On Saturday, Oct. 12, the Greater Springfield Fire Department kicked off their open house at 10 a.m., inviting the community – including children – to learn fire safety and more. The day was full of a bouncy house, teaching kids how to stop a fire, the exhibition of fire trucks, learning how to duck and roll, exposing kids to suited-up firemen, CPR safety, and so much more. The open house was part of National Fire Prevention Week, a nationwide event that occurs each year meant to educate the community on fire safety, especially the youth. This year’s theme is to teach the community multiple ways out of their house in case of a fire.

Chief Blake Payne, a 46-year-old firefighter, who has been volunteering for 26 years, elaborated on one activity they carried out to teach kids about fire safety, “We have a little station where kids come in, we pretend it’s their house, there’s a door and there’s a window and we tell them ‘oh, you can’t get out through the door because there is a fire. Where do you go?’ Most of the kids are like ‘The window?’ and we also make them climb through the window, we make them run out of the door, jump over a little box, jump through some cones, then we give them a little house and they can put out some fake fire we have set up. We have a wooden display. It has little wooden windows and they hit it with a water hose, and it knocks the windows down to put out the fire. The kids love it and hopefully it teaches them something.”
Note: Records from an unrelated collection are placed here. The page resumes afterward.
lemma schmidt_rank3_decomposition:
  fixes U :: "('a::finite \<times> 'b::finite) \<times> 'c::finite \<Rightarrow> ('a \<times> 'b) \<times> 'c \<Rightarrow> complex"
  obtains X :: "nat \<Rightarrow> 'a \<Rightarrow> 'a \<Rightarrow> complex" and Y :: "nat \<Rightarrow> 'b \<Rightarrow> 'b \<Rightarrow> complex"
    and Z :: "nat \<Rightarrow> 'c \<Rightarrow> 'c \<Rightarrow> complex"
  where "U = (\<Sum>k<schmidt_rank3 U. tens (tens (X k) (Y k)) (Z k))"
proof -
  have "\<exists>X Y Z. U = (\<Sum>k<schmidt_rank3 U. tens (tens (X k) (Y k)) (Z k))"
    unfolding schmidt_rank3_def lambda_sum_apply2 by (rule LeastI_ex) (rule ex_product_decomposition)
  then show thesis using that by blast
qed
When asked what other methods are used to inform the greater Springfield area on fire safety other than those who dropped by this weekend, Payne added “We go to schools. We try to meet with most the grades where we try to talk about the same information. That gets the majority of the children.”

While the fact the Fire Station is run by volunteers stirs curiosity, Payne assured they are all well trained. “It’s probably be close to two years before you go through all the intro level training, then EMT training, the medical training, then you go to fire school. Fire school itself is six months long. It’s close to 600 hours of training just to become a firefighter.” Payne also says, “There’s no difference because the [call] system doesn’t recognize any difference between volunteer or career because we are all trained at the same level, the same standard because we do the same classes, we recertify the same way.”

Rocco Rousso, 38-years-old who has volunteered for four years, shares his empathy for those who he serves, “We visit people’s houses on their worst day, it’s nice to be able to make that a little better for them.” Though it can be difficult at times between a full-time job, volunteering and family for many firefighter volunteers, Payne, who also has the additional responsibility of teaching, shares that one of the best things about the job for him is the problem-solving: “People call for anything, we have to go there and figure it out.”